Врач, пробыв несколько времени, уехал. Юлий же скоро после него встал и, пользуясь его советами, начал новую жизнь. Он взял учителя для детей и сам следил за их учением. Свое же время всё проводил в общественных делах, и очень скоро приобрел в городе большое влияние.
Так прожил Юлий год, и в этот год ни разу не вспомнил даже о христианах. Но по истечении года назначен был в их городе суд над христианами.
В Киликию приехал посланный от римского императора для подавления христианской проповеди. Юлий слышал о мерах, принимаемых против христиан, и полагая, что это не коснется христианской общины, в которой жил Памфилий, не думал о нем. Но однажды, когда шел по площади в место своего управления, к нему подошел пожилой, бедно одетый человек, которого он не узнал сначала. Это был Памфилий. Памфилий шел к нему.

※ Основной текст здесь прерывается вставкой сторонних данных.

(* For every triangle $ABC$ with $AB = AC$ and $AC > BC$ (i.e. $b = c > a$), the following triangle centers are at strictly increasing distances from vertex $A$, in this order (each listed center is strictly closer to $A$ than the next one): $$X_{20}, X_{22}, X_8, X_3, X_9, X_{10}, X_{21}, X_2, X_5, X_{12}, X_{17}, X_1, X_{13}, X_7, X_6, X_4, X_{27}, X_{19}, X_{28}, X_{25}, X_{11}, X_{14}, X_{16}, X_{23}.$$ Equivalently, in the isosceles order $\prec$, $X_{20}\prec X_{22}\prec X_8\prec X_3\prec X_9\prec X_{10}\prec X_{21}\prec X_2\prec X_5\prec X_{12}\prec X_{17}\prec X_1\prec X_{13}\prec X_7\prec X_6\prec X_4\prec X_{27}\prec X_{19}\prec X_{28}\prec X_{25}\prec X_{11}\prec X_{14}\prec X_{16}\prec X_{23}$.
   Context: $X_n$ denotes the $n$-th triangle center listed in Kimberling's Encyclopedia of Triangle Centers (ETC), given there by its barycentric coordinates as functions of the side lengths $a=BC$, $b=CA$, $c=AB$. An isosceles triangle $ABC$ with base $BC$ (so $b=c$) is called tall if $b>a$. The isosceles order on triangle centers is defined by: $P\prec Q$ if $P$ is closer to $A$ than $Q$ in every tall isosceles triangle $ABC$ with base $BC$. *)

theory Defs
  imports "HOL-Analysis.Analysis"
begin

text \<open>Triangle centers from Kimberling's ETC, given by the first barycentric
coordinate f(a,b,c) as a function of the side lengths a = BC, b = CA, c = AB;
the full barycentrics are f(a,b,c) : f(b,c,a) : f(c,a,b).\<close>

definition tri_area :: "real \<Rightarrow> real \<Rightarrow> real \<Rightarrow> real" where
  "tri_area a b c = sqrt ((a+b+c) * (b+c-a) * (c+a-b) * (a+b-c)) / 4"

definition X1 :: "real \<Rightarrow> real \<Rightarrow> real \<Rightarrow> real" where "X1 a b c = a"
definition X2 :: "real \<Rightarrow> real \<Rightarrow> real \<Rightarrow> real" where "X2 a b c = 1"
definition X3 :: "real \<Rightarrow> real \<Rightarrow> real \<Rightarrow> real" where "X3 a b c = a^2 * (b^2 + c^2 - a^2)"
definition X4 :: "real \<Rightarrow> real \<Rightarrow> real \<Rightarrow> real" where
  "X4 a b c = (a^2 + b^2 - c^2) * (a^2 - b^2 + c^2)"
definition X5 :: "real \<Rightarrow> real \<Rightarrow> real \<Rightarrow> real" where
  "X5 a b c = a^2 * (b^2 + c^2) - (b^2 - c^2)^2"
definition X6 :: "real \<Rightarrow> real \<Rightarrow> real \<Rightarrow> real" where "X6 a b c = a^2"
definition X7 :: "real \<Rightarrow> real \<Rightarrow> real \<Rightarrow> real" where "X7 a b c = 1 / (b + c - a)"
definition X8 :: "real \<Rightarrow> real \<Rightarrow> real \<Rightarrow> real" where "X8 a b c = b + c - a"
definition X9 :: "real \<Rightarrow> real \<Rightarrow> real \<Rightarrow> real" where "X9 a b c = a * (b + c - a)"
definition X10 :: "real \<Rightarrow> real \<Rightarrow> real \<Rightarrow> real" where "X10 a b c = b + c"
definition X11 :: "real \<Rightarrow> real \<Rightarrow> real \<Rightarrow> real" where
  "X11 a b c = (b + c - a) * (b - c)^2"
definition X12 :: "real \<Rightarrow> real \<Rightarrow> real \<Rightarrow> real" where
  "X12 a b c = (b + c)^2 / (b + c - a)"
definition X13 :: "real \<Rightarrow> real \<Rightarrow> real \<Rightarrow> real" where
  "X13 a b c = a^4 - 2 * (b^2 - c^2)^2 + a^2 * (b^2 + c^2 + 4 * sqrt 3 * tri_area a b c)"
definition X14 :: "real \<Rightarrow> real \<Rightarrow> real \<Rightarrow> real" where
  "X14 a b c = a^4 - 2 * (b^2 - c^2)^2 + a^2 * (b^2 + c^2 - 4 * sqrt 3 * tri_area a b c)"
definition X16 :: "real \<Rightarrow> real \<Rightarrow> real \<Rightarrow> real" where
  "X16 a b c = a^2 * (sqrt 3 * (a^2 - b^2 - c^2) + 4 * tri_area a b c)"
definition X17 :: "real \<Rightarrow> real \<Rightarrow> real \<Rightarrow> real" where
  "X17 a b c = 1 / (b^2 + c^2 - a^2 + 4 * sqrt 3 * tri_area a b c)"
definition X19 :: "real \<Rightarrow> real \<Rightarrow> real \<Rightarrow> real" where
  "X19 a b c = a / (b^2 + c^2 - a^2)"
definition X20 :: "real \<Rightarrow> real \<Rightarrow> real \<Rightarrow> real" where
  "X20 a b c = 3 * a^4 - 2 * a^2 * (b^2 + c^2) - (b^2 - c^2)^2"
definition X21 :: "real \<Rightarrow> real \<Rightarrow> real \<Rightarrow> real" where
  "X21 a b c = a * (a + b) * (a + c) * (b + c - a)"
definition X22 :: "real \<Rightarrow> real \<Rightarrow> real \<Rightarrow> real" where
  "X22 a b c = a^2 * (b^4 + c^4 - a^4)"
definition X23 :: "real \<Rightarrow> real \<Rightarrow> real \<Rightarrow> real" where
  "X23 a b c = a^2 * (a^4 - b^4 - c^4 + b^2 * c^2)"
definition X25 :: "real \<Rightarrow> real \<Rightarrow> real \<Rightarrow> real" where
  "X25 a b c = a^2 / (b^2 + c^2 - a^2)"
definition X27 :: "real \<Rightarrow> real \<Rightarrow> real \<Rightarrow> real" where
  "X27 a b c = 1 / ((b + c) * (b^2 + c^2 - a^2))"
definition X28 :: "real \<Rightarrow> real \<Rightarrow> real \<Rightarrow> real" where
  "X28 a b c = a / ((b + c) * (b^2 + c^2 - a^2))"

definition center :: "(real \<Rightarrow> real \<Rightarrow> real \<Rightarrow> real) \<Rightarrow> complex \<Rightarrow> complex \<Rightarrow> complex \<Rightarrow> complex" where
  "center f A B C =
     (let a = dist B C; b = dist C A; c = dist A B;
          u = f a b c; v = f b c a; w = f c a b
      in (of_real u * A + of_real v * B + of_real w * C) / of_real (u + v + w))"

end

(* When b = c, a center whose first barycentric coordinate is f has barycentrics
   u : v : v with u = f a b b and v = f b b a, so it lies on the median AM and
   A - P = t (A - M) with t = 2v / (u + 2v) = median_ratio f a b.  The distances to A
   are therefore ordered like these ratios t, which are explicit functions of a < b.
   Writing b = a + e, each comparison of consecutive ratios clears denominators to a
   polynomial in a and e with positive coefficients.  The centers built from the area
   (X13, X14, X16, X17) involve the surd sqrt (3 (4 b^2 - a^2)) linearly, and the
   comparisons reduce to rational bounds on it, checked by squaring. *)

theory Submission
  imports Defs
begin

definition median_ratio :: "(real \<Rightarrow> real \<Rightarrow> real \<Rightarrow> real) \<Rightarrow> real \<Rightarrow> real \<Rightarrow> real" where
  "median_ratio f a b = 2 * f b b a / (f a b b + 2 * f b b a)"

lemma center_isosceles:
  fixes A B C :: complex
  assumes "dist A B = b" "dist C A = b" "dist B C = a"
    and "f b a b = f b b a" "f a b b + 2 * f b b a \<noteq> 0"
  shows "A - center f A B C = of_real (median_ratio f a b) * (A - (B + C) / 2)"
proof -
  define U where "U = (of_real (f a b b) :: complex)"
  define V where "V = (of_real (f b b a) :: complex)"
  have "U + 2 * V = of_real (f a b b + 2 * f b b a)"
    by (simp add: U_def V_def)
  with assms(5) have nz: "U + 2 * V \<noteq> 0"
    by (metis of_real_eq_0_iff)
  have "A - center f A B C = A - (U * A + V * B + V * C) / (U + 2 * V)"
    using assms(1-4) by (simp add: center_def Let_def U_def V_def dist_commute add.commute)
  also have "\<dots> = 2 * V / (U + 2 * V) * (A - (B + C) / 2)"
    using nz by (simp add: eq_divide_eq divide_eq_eq algebra_simps)
  finally show ?thesis
    by (simp add: median_ratio_def U_def V_def)
qed

lemma dist_center_isosceles:
  fixes A B C :: complex
  assumes "dist A B = b" "dist C A = b" "dist B C = a"
    and "f b a b = f b b a" "0 < median_ratio f a b"
  shows "dist A (center f A B C) = median_ratio f a b * dist A ((B + C) / 2)"
proof -
  \<comment> \<open>A vanishing denominator would make the ratio 0, since x / 0 = 0.\<close>
  from assms(5) have "f a b b + 2 * f b b a \<noteq> 0"
    by (auto simp: median_ratio_def)
  with assms show ?thesis
    using center_isosceles[of A B b C a f] by (simp add: dist_norm norm_mult)
qed

lemma dist_apex_midpoint_pos:
  fixes A B C :: complex
  assumes "dist A B > dist B C / 2"
  shows "dist A ((B + C) / 2) > 0"
proof -
  have "dist B ((B + C) / 2) = dist B C / 2"
    by (simp add: dist_norm field_simps norm_minus_commute)
  then show ?thesis
    using dist_triangle2[of A B "(B + C) / 2"] assms by linarith
qed

lemma tri_area_swap: "tri_area a c b = tri_area a b c"
  unfolding tri_area_def by (simp add: ac_simps)

definition isosceles_chain :: "(real \<Rightarrow> real \<Rightarrow> real \<Rightarrow> real) list" where
  "isosceles_chain = [X20, X22, X8, X3, X9, X10, X21, X2, X5, X12, X17, X1, X13, X7, X6, X4,
                      X27, X19, X28, X25, X11, X14, X16, X23]"

lemma isosceles_chain_symmetric:
  assumes "f \<in> set isosceles_chain"
  shows "f x z y = f x y z"
  using assms unfolding isosceles_chain_def
  by (auto simp: X1_def X2_def X3_def X4_def X5_def X6_def X7_def X8_def X9_def X10_def X11_def
      X12_def X13_def X14_def X16_def X17_def X19_def X20_def X21_def X22_def X23_def X25_def
      X27_def X28_def tri_area_swap power2_commute algebra_simps)

lemma divide_cancel_common_factor:
  fixes c x y p q :: real
  assumes "c \<noteq> 0" "x = c * p" "y = c * q"
  shows "x / y = p / q"
  using assms by simp

lemma median_ratio_quotient:
  assumes "f \<equiv> (\<lambda>x y z. p x y z / q x y z)" "q a b b \<noteq> 0" "q b b a \<noteq> 0"
  shows "median_ratio f a b =
    2 * p b b a * q a b b / (p a b b * q b b a + 2 * p b b a * q a b b)"
  unfolding median_ratio_def assms(1)
  by (rule divide_cancel_common_factor[where c = "1 / (q a b b * q b b a)"])
    (use assms(2,3) in \<open>simp_all add: field_simps\<close>)

lemma frac_less_frac_cross:
  fixes p q p' q' :: real
  assumes "0 < p' * q - p * q'" "0 < q" "0 < q'"
  shows "p / q < p' / q'"
  using assms by (simp add: divide_less_eq less_divide_eq algebra_simps)

lemma less_mult_sqrt:
  fixes p q d :: real
  assumes "0 \<le> q" "p^2 < q^2 * d"
  shows "p < q * sqrt d"
proof -
  have "p < sqrt (q^2 * d)"
    using assms(2) by (rule real_less_rsqrt)
  then show ?thesis
    using assms(1) by (simp add: real_sqrt_mult)
qed

lemma mult_sqrt_less:
  fixes p q d :: real
  assumes "0 \<le> q" "0 \<le> p" "q^2 * d < p^2"
  shows "q * sqrt d < p"
proof -
  have "sqrt (q^2 * d) < p"
    using assms(2,3) by (rule real_less_lsqrt)
  then show ?thesis
    using assms(1) by (simp add: real_sqrt_mult)
qed

context
  fixes a b :: real
  assumes tall: "0 < a" "a < b"
begin

text \<open>\<rho> is 2 sqrt 3 times the altitude from A, so that 4 sqrt 3 times the area is a \<rho>.\<close>
abbreviation \<rho> where "\<rho> \<equiv> sqrt (3 * (4 * b^2 - a^2))"

lemma tall_pos:
  "0 < b^2 - a^2" "0 < 2*b^2 - a^2" "0 < 4*b^2 - a^2" "0 < \<rho>" "0 < a * \<rho>"
proof -
  have "a^2 < b^2" "0 < b^2"
    using tall by (simp_all add: power_strict_mono)
  then show "0 < b^2 - a^2" "0 < 2*b^2 - a^2" "0 < 4*b^2 - a^2"
    using tall by linarith+
  then show "0 < \<rho>" "0 < a * \<rho>"
    using tall by simp_all
qed

lemma tri_area_isosceles:
  "4 * tri_area a b b = a * sqrt (4 * b^2 - a^2)"
  "4 * tri_area b b a = a * sqrt (4 * b^2 - a^2)"
proof -
  have "(a+b+b)*(b+b-a)*(b+a-b)*(a+b-b) = a^2 * (4*b^2-a^2)"
    "(b+b+a)*(b+a-b)*(a+b-b)*(b+b-a) = a^2 * (4*b^2-a^2)"
    by algebra+
  then show "4 * tri_area a b b = a * sqrt (4 * b^2 - a^2)"
    "4 * tri_area b b a = a * sqrt (4 * b^2 - a^2)"
    using tall by (simp_all add: tri_area_def real_sqrt_mult)
qed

– Здравствуй, друг, – сказал он ему. – У меня к тебе есть великая просьба, но не знаю, захочешь ли ты во время теперешнего гонения на христиан признавать [меня] своим другом, и не боишься ли ты потерять свое место сношениями со мной.
– Я никого не боюсь, – отвечал Юлий, – и в доказательство прошу тебя идти со мной ко мне. Я пропущу даже свое дело на площади с тем, чтобы говорить с тобой и быть тебе полезным. Пойдем со мной. Чей это ребенок?
– Это сын мой.
– Впрочем, я бы мог не спрашивать. Я узнаю твое лицо в нем. Узнаю и эти голубые глаза и могу не спрашивать о том, кто твоя жена. Это та красавица, которую я шесть лет тому назад видел с тобой. Это ее глаза.
– Ты угадал, – отвечал Памфилий. – Скоро после того, как мы виделись с тобой, она стала моей женой.
Друзья вошли в дом Юлия. Юлий вызвал жену и отдал ей мальчика, а сам провел Памфилия в свою роскошную, уединенную комнату.
– Здесь ты можешь всё говорить, никто не услышит нас, – сказал Юлий.
– Я не боюсь того, чтоб меня услышали, – отвечал Памфилий. – Даже просьба моя состоит не в том, чтобы тех христиан, которые взяты, не судили и не казнили, а только в том, чтобы им позволили всенародно высказать свою веру.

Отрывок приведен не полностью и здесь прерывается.